Indian politician (1937–1999)

Gajen Tanti (12 March 1937 – 9 July 1999) was an Indian politician and cabinet minister of Assam (1972) from the Tea Labour Community. He was a member of Indian National Congress, Indian National Congress (Socialist) and Nationalist Congress Party.

==Early life and education==
Gajen Tanti, also known as Gomaya Telenga, was born to Arpan Tanti in a Telenga family on 12 March 1937 in Mezenga tea estate, Titabor, Jorhat District. He completed his undergraduate education from Titabor and his higher education from J.B College, Jorhat, Assam.

==Political career==
In 1960 Tanti became the secretary of ACMS (Assam Chah Mazdoor Sangha), Jorhat branch anonymously. He is the first secretary in the Jorhat branch from the Tea garden labor community.

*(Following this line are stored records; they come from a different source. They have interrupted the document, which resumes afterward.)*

(* Let $\pi\subset\mathrm{Iso}(\mathbb R^n)$ be a crystallographic group. Then $$\mathcal C_\pi=\mathrm O(n)\cdot \mathrm Z_{\mathsf{GL}(n)}(H_\pi)=\{OP: O\in\mathrm O(n),\ P\in\mathsf{GL}(n,\mathbb R),\ PA=AP\ \forall A\in H_\pi\}.$$
   Context: $\mathrm{Iso}(\mathbb R^n)=\mathrm O(n)\ltimes\mathbb R^n$ with elements $(A,v)$ acting by $x\mapsto Ax+v$; a crystallographic group is a discrete subgroup with compact quotient; $H_\pi=\{A:\exists v,\ (A,v)\in\pi\}\subset\mathrm O(n)$ is its holonomy group. $\mathcal C_\pi=\{A\in\mathsf{GL}(n,\mathbb R):AH_\pi A^{-1}\subset\mathrm O(n)\}$, and $\mathrm Z_{\mathsf{GL}(n)}(H_\pi)$ is the centralizer of $H_\pi$ in $\mathsf{GL}(n,\mathbb R)$. *)

theory Defs
  imports "HOL-Analysis.Analysis"
begin

text \<open>Isometries of R^n as pairs (A, v), acting by x \<mapsto> A x + v.\<close>

type_synonym 'n iso = "(real^'n^'n) \<times> (real^'n)"

definition Iso :: "'n::finite iso set" where
  "Iso = {(A, v). orthogonal_matrix A}"

definition iso_apply :: "'n::finite iso \<Rightarrow> real^'n \<Rightarrow> real^'n" where
  "iso_apply g x = fst g *v x + snd g"

definition iso_mult :: "'n::finite iso \<Rightarrow> 'n iso \<Rightarrow> 'n iso" where
  "iso_mult g h = (fst g ** fst h, fst g *v snd h + snd g)"

definition iso_one :: "'n::finite iso" where
  "iso_one = (mat 1, 0)"

definition iso_inv :: "'n::finite iso \<Rightarrow> 'n iso" where
  "iso_inv g = (matrix_inv (fst g), - (matrix_inv (fst g) *v snd g))"

definition iso_subgroup :: "'n::finite iso set \<Rightarrow> bool" where
  "iso_subgroup \<pi> \<longleftrightarrow> \<pi> \<subseteq> Iso \<and> iso_one \<in> \<pi> \<and>
     (\<forall>g\<in>\<pi>. \<forall>h\<in>\<pi>. iso_mult g h \<in> \<pi>) \<and> (\<forall>g\<in>\<pi>. iso_inv g \<in> \<pi>)"

text \<open>Discrete in the topology of Iso(R^n) \<subseteq> M_n(R) \<times> R^n.\<close>
definition discrete_set :: "'n::finite iso set \<Rightarrow> bool" where
  "discrete_set \<pi> \<longleftrightarrow> (\<forall>g\<in>\<pi>. \<exists>e>0. \<forall>h\<in>\<pi>. dist h g < e \<longrightarrow> h = g)"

Mariani assembly constituency was formed in 1967, Gajen Tanti was elected to the member legislative assembly for the first time from Mariani in 1967 from Indian national congress party. In 1971 he was elected as General Secretary ACMS central Committee at Dibrugarh. In the same year, he formed the ATEICOL (Assam Tea Employees Industrial Co-Operation) and became the first President. In 1972 he was elected to the Mariani assembly constituency for the second time. He became the first cabinet minister of Assam from the tea garden labor community in the Sarat Chandra Sinha ministry. He was entrusted with departments like Food and Civil Supply, Labour, Co-operative, Transport, Trade and Commerce, Municipality, Housing, etc. during his political tenure. Gajen Tanti was elected to the Mariyani assembly for the third time in 1978 from Indian National Congress (Socialist) since the Indian National Congress was divided in the same year.

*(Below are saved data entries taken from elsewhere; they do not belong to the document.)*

lemma infinite_orbits:
  assumes "infinite (UNIV :: 'a::field set)"
  shows "infinite ((triples n [n] [\<beta>] [\<gamma>1, \<gamma>2, n - \<gamma>1 - \<gamma>2] :: ('a vec set list \<times> 'a vec set list \<times> 'a vec set list) set)
                   // orbit_rel n [n] [\<beta>] [\<gamma>1, \<gamma>2, n - \<gamma>1 - \<gamma>2])"
  by (rule infinite_quotient[OF assms, of triple])
    (rule triple_in_triples, rule orbit_rel_refl[OF triple_in_triples], erule triple_orbit_rel_imp_eq)

end

theorem proposition3p13:
  fixes n \<beta> \<gamma>1 \<gamma>2 \<gamma>3 :: nat
  assumes "infinite (UNIV :: 'a::field set)"
    and "(2::'a) \<noteq> 0"
    and "4 \<le> \<beta>" and "\<beta> \<le> n - 2"
    and "\<gamma>1 \<ge> 2" and "\<gamma>2 \<ge> 2" and "\<gamma>3 \<ge> 2"
    and "\<gamma>1 + \<gamma>2 + \<gamma>3 = n"
  shows "infinite ((triples n [n] [\<beta>] [\<gamma>1, \<gamma>2, \<gamma>3] :: ('a vec set list \<times> 'a vec set list \<times> 'a vec set list) set)
                   // orbit_rel n [n] [\<beta>] [\<gamma>1, \<gamma>2, \<gamma>3])"
proof -
  \<comment> \<open>The construction works in every characteristic.\<close>
  define m where "m = n - 6"
  have n: "n = m + 6"
    using assms(5-8) unfolding m_def by linarith
  have "triple_family m \<gamma>1 \<gamma>2 \<beta>"
    by unfold_locales (use assms n in linarith)+
  moreover have "\<gamma>3 = m + 6 - \<gamma>1 - \<gamma>2"
    using assms(8) n by linarith
  ultimately show ?thesis
    using triple_family.infinite_orbits[OF _ assms(1)] unfolding n by blast
qed

end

After becoming the General Secretary of ACMS. he signed the first-ever MOU with the planters Association for the increase of labor wages. He was also instrumental in pension and gratuity implementation for the tea garden laborers. There was no student organization for tea garden workers at that time in Assam. Gajen Tanti took initiative in the form of " All Assam Tea Community Student Union " now ATTSA at Rangajan Tea estate in 1965. He became the Vice President of INTUC and a member of ILO during his lifetime.

== Personal life and death ==
On 9 July 1999 while returning from Jorhat to Guwahati in ASTC bus for a crucial meeting at Guwahati for the merger of Indian National Congress (Socialist) with Nationalist Congress Party, he died in an accident at Siljuri, 16 km away from Bokakhat. He had 3 children.